# ENTRIES SHOWN:
lemma ff_machine_eq_Least:
  "j < length I \<Longrightarrow> ff_machine I j =
     (LEAST i. load_before I (ff_machine I) j i + fst (I ! j) \<le> snd (I ! j))"
  using nth_ff_run[of j I "\<lambda>_. 0"] by simp

lemma ff_machine_meets_deadline:
  assumes v: "valid_instance I" and j: "j < length I"
  shows "completion I (ff_machine I) j \<le> snd (I ! j)"
proof -
  obtain fresh where fresh: "fresh \<notin> ff_machine I ` {..<j}"
    using ex_new_if_finite[OF infinite_UNIV_nat, of "ff_machine I ` {..<j}"] by auto
  have "load_before I (ff_machine I) j fresh = 0"
    unfolding load_before_def using fresh by (intro sum.neutral) auto
  then have "load_before I (ff_machine I) j fresh + fst (I ! j) \<le> snd (I ! j)"
    using valid_instance_nth_deadline[OF v j] by simp
  then show ?thesis
    unfolding completion_eq_load_before ff_machine_eq_Least[OF j] by (rule LeastI)
qed

lemma ff_machine_skips_full:
  assumes "j < length I" and "i < ff_machine I j"
  shows "snd (I ! j) < load_before I (ff_machine I) j i + fst (I ! j)"
  using not_less_Least[OF assms(2)[unfolded ff_machine_eq_Least[OF assms(1)]]] by simp

lemma FF_le_Suc_max_machine:
  assumes "\<And>k. k < length I \<Longrightarrow> ff_machine I k \<le> c"
  shows "FF I \<le> Suc c"
proof -
  have "set (ff_run I (\<lambda>_. 0)) \<subseteq> {..c}"
    using assms by (auto simp: in_set_conv_nth length_ff_run)
  then show ?thesis unfolding FF_def using card_mono[of "{..c}"] by fastforce
qed

lemma FF_pos: "I \<noteq> [] \<Longrightarrow> 0 < FF I"
  unfolding FF_def using length_ff_run[of I "\<lambda>_. 0"] by (auto simp: card_gt_0_iff)

section \<open>The approximation bound\<close>

lemma ff_work_lower_bound:
  assumes v: "valid_instance I" and srt: "sorted (map slack I)" and j: "j < length I"
    and top: "\<And>k. k < j \<Longrightarrow> ff_machine I k \<le> ff_machine I j"
  defines "s \<equiv> slack (I ! j)" and "B \<equiv> {k. k < j \<and> slack (I ! j) < fst (I ! k)}"
  shows "ff_machine I j * (s + 1) + (\<Sum>k\<in>B. fst (I ! k) - s - 1) \<le> (\<Sum>k<j. fst (I ! k))"
proof -
  let ?f = "ff_machine I"
  define c where "c = ?f j"
  define X where "X i = {k \<in> B. ?f k = i}" for i
  have finB: "finite B" by (simp add: B_def)
  have below: "?f k < c" if "k \<in> B" for k
  proof -
    have "inj_on ?f (insert j B)"
      by (rule inj_on_long_jobs[OF srt j])
        (use ff_machine_meets_deadline[OF v] j in \<open>auto simp: B_def s_def\<close>)
    then have "?f k \<noteq> ?f j" using that by (auto simp: B_def image_iff)
    then show ?thesis using top[of k] that by (auto simp: B_def c_def)
  qed
  have machine: "s + 1 + (\<Sum>k\<in>X i. fst (I ! k) - s - 1) \<le> load_before I ?f j i"
    if "i < c" for i
  proof (cases "X i = {}")
    case True
    then show ?thesis
      using ff_machine_skips_full[OF j, of i] that valid_instance_nth_deadline[OF v j]
      by (simp add: c_def s_def)
  next
    case False
    have "finite (X i)" by (simp add: X_def B_def)
    then have "1 \<le> card (X i)" using False by (simp add: Suc_le_eq card_gt_0_iff)
    then have "1 * (s + 1) \<le> (\<Sum>k\<in>X i. s + 1)" unfolding sum_constant of_nat_id by (rule mult_le_mono1)
    then have "s + 1 + (\<Sum>k\<in>X i. fst (I ! k) - s - 1)
        \<le> (\<Sum>k\<in>X i. s + 1) + (\<Sum>k\<in>X i. fst (I ! k) - s - 1)"
      by simp
    also have "\<dots> = (\<Sum>k\<in>X i. fst (I ! k))"
      unfolding sum.distrib[symmetric] by (rule sum.cong) (auto simp: X_def B_def s_def)
    also have "\<dots> \<le> load_before I ?f j i"
      unfolding load_before_eq_sum by (rule sum_mono2) (auto simp: X_def B_def)
    finally show ?thesis .
  qed
  have "(\<Sum>k\<in>B. fst (I ! k) - s - 1) = (\<Sum>i<c. \<Sum>k\<in>X i. fst (I ! k) - s - 1)"
  proof -
    have "?f ` B \<subseteq> {..<c}" using below by auto
    from sum.group[OF finB _ this, of "\<lambda>k. fst (I ! k) - s - 1"] show ?thesis
      unfolding X_def by simp
  qed
  then have "c * (s + 1) + (\<Sum>k\<in>B. fst (I ! k) - s - 1)
      = (\<Sum>i<c. s + 1 + (\<Sum>k\<in>X i. fst (I ! k) - s - 1))"
    by (simp only: sum.distrib sum_constant card_lessThan of_nat_id) (simp add: distrib_left)
  also have "\<dots> \<le> (\<Sum>i<c. load_before I ?f j i)" by (rule sum_mono) (rule machine, simp)
  also have "\<dots> \<le> (\<Sum>k<j. fst (I ! k))" by (rule sum_load_before_le) simp
  finally show ?thesis by (simp add: c_def)
qed

lemma load_upto_eq_completion_last:
  assumes "r \<in> tau ` {..j}"
  obtains l where "l \<le> j" and "tau l = r"
    and "(\<Sum>k\<in>{k. k \<le> j \<and> tau k = r}. fst (I ! k)) = completion I tau l"
    and "\<And>k. k \<le> j \<Longrightarrow> tau k = r \<Longrightarrow> k \<le> l"
proof -
  define Q where "Q = {k. k \<le> j \<and> tau k = r}"
  have finQ: "finite Q" and neQ: "Q \<noteq> {}" using assms by (auto simp: Q_def)
  have lQ: "Max Q \<in> Q" and ge: "\<And>k. k \<in> Q \<Longrightarrow> k \<le> Max Q"
    using Max_in[OF finQ neQ] Max_ge[OF finQ] by auto
  have "{k. k \<le> Max Q \<and> tau k = tau (Max Q)} = Q"
    using lQ ge by (auto simp: Q_def)
  then show thesis
    using that[of "Max Q"] lQ ge unfolding completion_def by (auto simp: Q_def)
qed

lemma opt_work_upper_bound:
  assumes v: "valid_instance I" and srt: "sorted (map slack I)" and j: "j < length I"
    and due: "\<And>k. k \<le> j \<Longrightarrow> completion I tau k \<le> snd (I ! k)"
  defines "s \<equiv> slack (I ! j)" and "B \<equiv> {k. k < j \<and> slack (I ! j) < fst (I ! k)}"
  shows "(\<Sum>k\<le>j. fst (I ! k)) + s \<le> fst (I ! j) + 2 * s * card (tau ` {..j}) + (\<Sum>k\<in>B. fst (I ! k) - s)"
proof -
  define R where "R = tau ` {..j}"
  define W where "W r = (\<Sum>k\<in>{k. k \<le> j \<and> tau k = r}. fst (I ! k))" for r
  define Y where "Y r = (\<Sum>k\<in>{k \<in> B. tau k = r}. fst (I ! k) - s)" for r
  have finR: "finite R" and finB: "finite B" and tjR: "tau j \<in> R"
    by (auto simp: R_def B_def)
  have last: "W r \<le> s + fst (I ! l)" if "l \<le> j" "W r = completion I tau l" for r l
  proof -
    have "W r \<le> snd (I ! l)" using due[of l] that by simp
    also have "\<dots> = slack (I ! l) + fst (I ! l)"
      using valid_instance_nth_deadline[OF v] that j by simp
    also have "slack (I ! l) \<le> s" unfolding s_def using slack_mono[OF srt _ j] that by simp
    finally show ?thesis by simp
  qed
  have own: "W (tau j) \<le> s + fst (I ! j)"
  proof -
    obtain l where l: "l \<le> j" "W (tau j) = completion I tau l"
      and after: "\<And>k. k \<le> j \<Longrightarrow> tau k = tau j \<Longrightarrow> k \<le> l"
      using load_upto_eq_completion_last[of "tau j" tau j I] unfolding W_def by blast
    have "l = j" using l(1) after[of j] by simp
    then show ?thesis using last[OF l] by simp
  qed
  have other: "W r \<le> 2 * s + Y r" if r: "r \<in> R - {tau j}" for r
  proof -
    obtain l where l: "l \<le> j" "tau l = r" "W r = completion I tau l"
      using load_upto_eq_completion_last[of r tau j I] r unfolding W_def R_def by blast
    have "l < j" using l r by (cases "l = j") auto
    show ?thesis
    proof (cases "l \<in> B")
      case True
      have "fst (I ! l) - s \<le> Y r"
        unfolding Y_def by (rule member_le_sum) (use True l finB in auto)
      then show ?thesis using last[OF l(1,3)] by linarith
    next
      case False
      then show ?thesis using last[OF l(1,3)] \<open>l < j\<close> by (simp add: B_def s_def)
    qed
  qed
  have "(\<Sum>k\<le>j. fst (I ! k)) = (\<Sum>r\<in>R. W r)"
    using sum.group[of "{..j}" R tau "\<lambda>k. fst (I ! k)"] by (simp add: R_def W_def)
  also have "\<dots> = W (tau j) + (\<Sum>r\<in>R - {tau j}. W r)" using sum.remove[OF finR tjR] .
  also have "\<dots> \<le> s + fst (I ! j) + (\<Sum>r\<in>R - {tau j}. 2 * s + Y r)"
    using own sum_mono[of "R - {tau j}" W, OF other] by linarith
  also have "(\<Sum>r\<in>R - {tau j}. 2 * s + Y r) = 2 * s * (card R - 1) + (\<Sum>r\<in>R - {tau j}. Y r)"
    using finR tjR by (simp add: sum.distrib)
  also have "(\<Sum>r\<in>R - {tau j}. Y r) \<le> (\<Sum>r\<in>R. Y r)" by (rule sum_mono2[OF finR]) auto
  also have "(\<Sum>r\<in>R. Y r) = (\<Sum>k\<in>B. fst (I ! k) - s)"
  proof -
    have "tau ` B \<subseteq> R" by (auto simp: R_def B_def)
    from sum.group[OF finB finR this, of "\<lambda>k. fst (I ! k) - s"] show ?thesis
      unfolding Y_def by simp
  qed
  finally show ?thesis
    using finR tjR by (cases "card R") (auto simp: R_def card_gt_0_iff algebra_simps)
qed

lemma twice_bound_arith:
  fixes c s M b :: nat
  assumes "c * (s + 1) + s \<le> 2 * s * M + b" and "b + 1 \<le> M"
  shows "c + 2 \<le> 2 * M"
proof (rule ccontr)
  assume "\<not> c + 2 \<le> 2 * M"
  then have "(2 * M - 1) * (s + 1) \<le> c * (s + 1)" by (intro mult_le_mono1) linarith
  moreover have "(2 * M - 1) * (s + 1) + s = 2 * s * M + (2 * M - 1)"
    using assms(2) by (cases M) (auto simp: algebra_simps)
  ultimately show False using assms by linarith
qed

# WHAT YOU WILL DO:
Out of the records above, pull each line containing the word "this".

# EXERCISE OUTPUT:
    from sum.group[OF finB _ this, of "\<lambda>k. fst (I ! k) - s - 1"] show ?thesis
    from sum.group[OF finB finR this, of "\<lambda>k. fst (I ! k) - s"] show ?thesis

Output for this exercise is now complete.